Выходит, она напрасно проделала весь этот путь. И Степанков может вот так просто ей отказать. Она думала о встрече всю дорогу. Может, надо было как — то иначе подвести Степанкова к этому вопросу? Саша открыла сумочку и достала несколько фотографий.

— Смотри, как по мне, фотография удачна, — Саша говорила это так буднично, словно Степанков давно дал согласие. — Глаза хорошо видны. Посмотри еще, может, тебе другая подойдет?

На Степанкова смотрела девочка лет трех. Смешные тоненькие косички. Дальше несколько фотографий запечатлели Настю — первоклассницу. Не надо иметь семь пядей во лбу, чтобы не понять, насколько девочка счастлива. Еще одна фотография, где Настя с бабушкой. Судя по дате на обороте — это была одна из последних фотографий накануне аварии. Рассмотрев фотографии, Степанков сложил их в стопочку, и молча, протянул Саше.

— Ладно. Нет, так нет. Я пошла. Может, ты и прав. Поеду домой, приготовлю Стрельникову обед. — Саша легонько коснулась губами гладковыбритой щеки Степанкова и, бросив фотографии в сумочку, не прощаясь, направилась к двери.

Во второй половине дня, справившись в основном с текущими делами, Степанков позвонил Саше. Вместо обычно быстрого ответа с трубки донеслась знакомая мелодия.

«Неужели она могла действительно поехать к кому — то на прием? — в подобное Степанков не мог поверить. Но, когда Саша не ответил и через полчаса — Степанков обеспокоился не на шутку.

Городской телефон в квартире Стрельникова трезвонил в пустой квартире. Степанков уже не рад был, что отпустил Сашу в таком состоянии. Это ему все предельно ясно, а что ясно Саше — это еще вопрос. Он достал старую, потрепанную записную книжку, которая с годами растрепалась от записей и вложенных бумажек. Менять ее на другую никто не собирался. Пусть старомодно, за то — надежно. И если кому — то мобильный телефон заменил все записные книжки, то Степанков доверял только письменному варианту.

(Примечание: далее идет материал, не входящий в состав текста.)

(* Let $I$ be a composition of $n$ with valley set $V$, and let $Cl_V\subseteq Cl_n$ be the subalgebra generated by $(c_v)_{v\in V}$. For $c\in Cl_V$ define $f_c:M_I\to M_I$ by $f_c(x\epsilon_I)=xc\,\epsilon_I$ for all $x\in Cl_n$. Then each $f_c$ is a well-defined endomorphism of $M_I$ as an $HCl_n(0)$-module, $c\mapsto f_c$ defines a right action of $Cl_V$ on $M_I$ (that is, $f_{cc'}=f_{c'}\circ f_c$) commuting with the left $HCl_n(0)$-action, and $c\mapsto f_c$ is a bijective, $\mathbb{Z}/2$-grading-preserving map from $Cl_V$ onto $\operatorname{End}_{HCl_n(0)}(M_I)$. In other words, it is a grading-preserving anti-isomorphism of algebras, which the paper describes as a graded isomorphism.
   Context: For a composition $I=(i_1,\dots,i_r)$ of $n$, $\operatorname{Des}(I)=\{i_1,\dots,i_1+\cdots+i_{r-1}\}\subseteq[1,n-1]$. A valley of $I$ is $k\in\{1,\dots,n\}$ with $k\notin\operatorname{Des}(I)$ and (either $k=1$ or $k-1\in\operatorname{Des}(I)$). $Cl_n$ is the complex Clifford algebra on $c_1,\dots,c_n$ with $c_ic_j=-c_jc_i$ ($i\ne j$) and $c_i^2=-1$. $HCl_n(0)$ is the complex algebra generated by $T_1,\dots,T_{n-1}$ and $c_1,\dots,c_n$ with the Clifford relations, $T_i^2=-T_i$, $T_iT_j=T_jT_i$ ($|i-j|>1$), $T_iT_{i+1}T_i=T_{i+1}T_iT_{i+1}$, $T_ic_j=c_jT_i$ ($j\ne i,i+1$), $T_ic_i=c_{i+1}T_i$, and $(T_i+1)c_{i+1}=c_i(T_i+1)$. It is $\mathbb{Z}/2$-graded with $T_i$ even and $c_j$ odd. $H_n(0)$ is the subalgebra generated by the $T_i$. $S_I=\mathbb{C}\epsilon_I$ is the $H_n(0)$-module with $T_j\epsilon_I=-\epsilon_I$ if $j\in\operatorname{Des}(I)$ and $T_j\epsilon_I=0$ otherwise, and $M_I=HCl_n(0)\otimes_{H_n(0)}S_I$. $M_I$ is a free $Cl_n$-module of rank one generated by $\epsilon_I$, with basis $c_D\epsilon_I$ for $D\subseteq\{1,\dots,n\}$ (where $c_D=c_{d_1}\cdots c_{d_k}$ for $D=\{d_1<\dots<d_k\}$), graded by the parity of $|D|$. *)

theory Defs
  imports "HOL-Analysis.Analysis"
begin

К мобильному телефону он относился как к чему — то временному: легко теряется или могут украсть. У Степанкова никто телефон не крал. А сколько он потерял — не помнил. Поэтому, все самое важное, Степанков, по — старинке, хранил в записной книжке.

Пролистав пожелтевшие странички, Юрий Николаевич нашел номер телефона Андреевой на Новоалексеевской улице. В какой — то момент, когда он уже и не надеялся, что к телефону подойдут, после длинных гудков, до уха донеслось шипение и а потом чередой пошли короткие гудки. На том конце положили трубку. Больше ему дозвониться не удалось.

Через час Степанков был на Новоалексеевской улице. Знакомую дверь на третьем этаже никто не спешил открывать. Степанков прислушался, но кроме тишины никаких признаков жизни Он, не долго думая, заколотил мощными кулаками в дверь, вымещая этим все свое негодование волнение и внутренний страх, что мог опоздать. Он готов был разнести в щепки дверь, когда с последним ударом щелкнул замок. На пороге возникла Александра.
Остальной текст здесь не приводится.